Another soap-maker comes up to you at a market and looks at your soap, then asks you if you would consider a trade. What do you say?

The backstory: a little while ago I was the other soapmaker and I was checking out another vendor's soaps. I don't make the same kind of soap and was interested in trying it but it was quite expensive. So I asked her if she would swap soaps with me. Her response was, to be quite honest, pretty rude. She hadn't even looked at my soaps.

Now naturally I wouldn't expect anyone to just say yes without looking at the soap first. But she didn't even do that. And with her attitude, I was extremely hesitant to put forward her name on facebook later when someone was seeking this vendor out and couldn't remember who it was. Because I'm far too nice, I did message the person and give the name, but I'm sure many people wouldn't.  However I also told her what happened. It's up to her whether she bothers to seek out the vendor or look elsewhere. Your behaviour can sure bite you in the ass later, so a bit of politeness won't kill you.

Maybe this behaviour is common, everything is so competitive, but I went back to my table feeling very miffed. I am friends with many market vendors and they never act like this.

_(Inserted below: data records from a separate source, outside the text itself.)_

(* Let $U\subset\mathbb{R}^d$ be open and let $F,G:U\times[0,\infty)\to\mathbb{R}$ be, respectively, upper and lower semicontinuous. Assume that for a fixed $C>0$ and all $(x,t)\in U\times[0,\infty)$, $F(x,t)\le Ct$ and $G(x,t)\ge-Ct$, and that $\min(F_t,F)\le0$ and $\max(G_t,G)\ge0$ in the viscosity sense (in $U\times(0,\infty)$). Then $F\le0$ and $G\ge0$ on $U\times[0,\infty)$.
   Context: $\min(F_t,F)\le0$ in the viscosity sense means: whenever $\psi$ is smooth near a point $(x_0,t_0)$ (and Lipschitz elsewhere) and $F-\psi$ attains a (global) maximum value $0$ at $(x_0,t_0)$, then $F(x_0,t_0)\le0$ or $\psi_t(x_0,t_0)\le0$. $\max(G_t,G)\ge0$ in the viscosity sense means: whenever $\psi$ is such a test function and $G-\psi$ attains a (global) minimum value $0$ at $(x_0,t_0)$, then $G(x_0,t_0)\ge0$ or $\psi_t(x_0,t_0)\ge0$. *)

theory Defs
  imports "HOL-Analysis.Analysis"
begin

definition upper_semicontinuous_on :: "'a::topological_space set \<Rightarrow> ('a \<Rightarrow> real) \<Rightarrow> bool" where
  "upper_semicontinuous_on S f \<longleftrightarrow>
     (\<forall>x\<in>S. \<forall>a. f x < a \<longrightarrow> (\<forall>\<^sub>F y in at x within S. f y < a))"

definition lower_semicontinuous_on :: "'a::topological_space set \<Rightarrow> ('a \<Rightarrow> real) \<Rightarrow> bool" where
  "lower_semicontinuous_on S f \<longleftrightarrow>
     (\<forall>x\<in>S. \<forall>a. a < f x \<longrightarrow> (\<forall>\<^sub>F y in at x within S. a < f y))"

definition pderiv_dir :: "'a::euclidean_space \<Rightarrow> ('a \<Rightarrow> real) \<Rightarrow> 'a \<Rightarrow> real" where
  "pderiv_dir v f x = deriv (\<lambda>s. f (x + s *\<^sub>R v)) 0"

fun iter_pderiv :: "'a::euclidean_space list \<Rightarrow> ('a \<Rightarrow> real) \<Rightarrow> 'a \<Rightarrow> real" where
  "iter_pderiv [] f = f"
| "iter_pderiv (v # vs) f = pderiv_dir v (iter_pderiv vs f)"

definition smooth_on :: "'a::euclidean_space set \<Rightarrow> ('a \<Rightarrow> real) \<Rightarrow> bool" where
  "smooth_on N f \<longleftrightarrow>
     (\<forall>vs. set vs \<subseteq> Basis \<longrightarrow>
        continuous_on N (iter_pderiv vs f) \<and>
        (\<forall>v\<in>Basis. \<forall>x\<in>N. (\<lambda>s. iter_pderiv vs f (x + s *\<^sub>R v)) differentiable (at 0)))"

definition test_fun :: "('a::euclidean_space) set \<Rightarrow> 'a \<Rightarrow> ('a \<Rightarrow> real) \<Rightarrow> bool" where
  "test_fun D p \<psi> \<longleftrightarrow>
     (\<exists>N. open N \<and> p \<in> N \<and> smooth_on N \<psi> \<and> (\<exists>L. L-lipschitz_on (D - N) \<psi>))"

definition visc_min_sub :: "(real^'d) set \<Rightarrow> (real^'d \<Rightarrow> real \<Rightarrow> real) \<Rightarrow> bool" where
  "visc_min_sub U F \<longleftrightarrow>
     (\<forall>x0 t0 \<psi>. x0 \<in> U \<longrightarrow> 0 < t0 \<longrightarrow> test_fun (U \<times> {0..}) (x0, t0) \<psi> \<longrightarrow>
        (\<forall>x\<in>U. \<forall>t\<ge>0. F x t - \<psi> (x, t) \<le> 0) \<longrightarrow> F x0 t0 - \<psi> (x0, t0) = 0 \<longrightarrow>
        F x0 t0 \<le> 0 \<or> deriv (\<lambda>s. \<psi> (x0, s)) t0 \<le> 0)"

definition visc_max_super :: "(real^'d) set \<Rightarrow> (real^'d \<Rightarrow> real \<Rightarrow> real) \<Rightarrow> bool" where
  "visc_max_super U G \<longleftrightarrow>
     (\<forall>x0 t0 \<psi>. x0 \<in> U \<longrightarrow> 0 < t0 \<longrightarrow> test_fun (U \<times> {0..}) (x0, t0) \<psi> \<longrightarrow>
        (\<forall>x\<in>U. \<forall>t\<ge>0. G x t - \<psi> (x, t) \<ge> 0) \<longrightarrow> G x0 t0 - \<psi> (x0, t0) = 0 \<longrightarrow>
        G x0 t0 \<ge> 0 \<or> deriv (\<lambda>s. \<psi> (x0, s)) t0 \<ge> 0)"

end

theory Submission imports Defs begin

(* If F(x0,t0) = \<delta> > 0, subtract the penalty \<beta> t\<^sup>2 + K |x - x0|\<^sup>2 with \<beta> = \<delta> / (2 t0\<^sup>2) and K
   large. The growth bound F \<le> C t makes the penalized function nonpositive outside a compact
   cylinder, while it equals \<delta>/2 at (x0,t0); by upper semicontinuity it attains a positive global
   maximum m at some (x1,t1), and t1 > 0 because F \<le> 0 at t = 0. The paraboloid m + penalty
   touches F from above at (x1,t1), yet there both F and its time derivative 2 \<beta> t1 are positive,
   contradicting min(F_t, F) \<le> 0. The statement for G follows by applying this to -G. *)

definition quad_fun :: "real \<Rightarrow> ('a::real_inner \<times> real) \<Rightarrow> real \<Rightarrow> real \<Rightarrow> ('a \<times> real) \<Rightarrow> real" where
  "quad_fun c w b k z = c + inner w z + b * (snd z)^2 + k * inner (fst z) (fst z)"

lemma quad_fun_line:
  "quad_fun c w b k (z + s *\<^sub>R v) =
     quad_fun c w b k z + s * (inner w v + 2*b * snd z * snd v + 2*k * inner (fst z) (fst v))
     + s^2 * (b * (snd v)^2 + k * inner (fst v) (fst v))"
  by (simp add: quad_fun_def inner_add_left inner_add_right algebra_simps power2_eq_square inner_commute)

So, do you swap? I want to know.


----------



## OliveOil2 (Dec 12, 2014)

Neve I am sorry that this happened to you. there is never an excuse for being rude. This year I have been asked a half dozen times, and each time I was fine with a trade. I have a beautiful hand crochet scarf, earrings, and a necklace from my trades. I had a soap maker with soap that smelled like cigarette smoke, and I didn't even say no to her. I just tossed the soap. She was a nice person, and I just hate being mean spirited. We did talk about fragrance, but don't think she got what I was trying to say. So I think it depends on the person you ask.


----------



## Cindy2428 (Dec 12, 2014)

When Catherine McGinnis opened up the soap retreat in Florida, she stated "There are over a billion people on the planet, and they all get dirty".  She was addressing an early question from someone asking if there was still room for new soap businesses out there. She set the tone for the group. Sorry you had to run into someone like that.


----------



## Neve (Dec 12, 2014)

I wanted the soap for the hubby. I've only traded once ever and it was the other vendors idea. I got a card which I gave to a friend. She got two soaps. 

Every time I see something I like that I can't afford I'm hesitant to ask to swap. First time I get up the nerve and the woman laughs in my face. And she was from out of town in MY hood. I could have referred people to her had she been nicer. I will probably  never made that kind of soap.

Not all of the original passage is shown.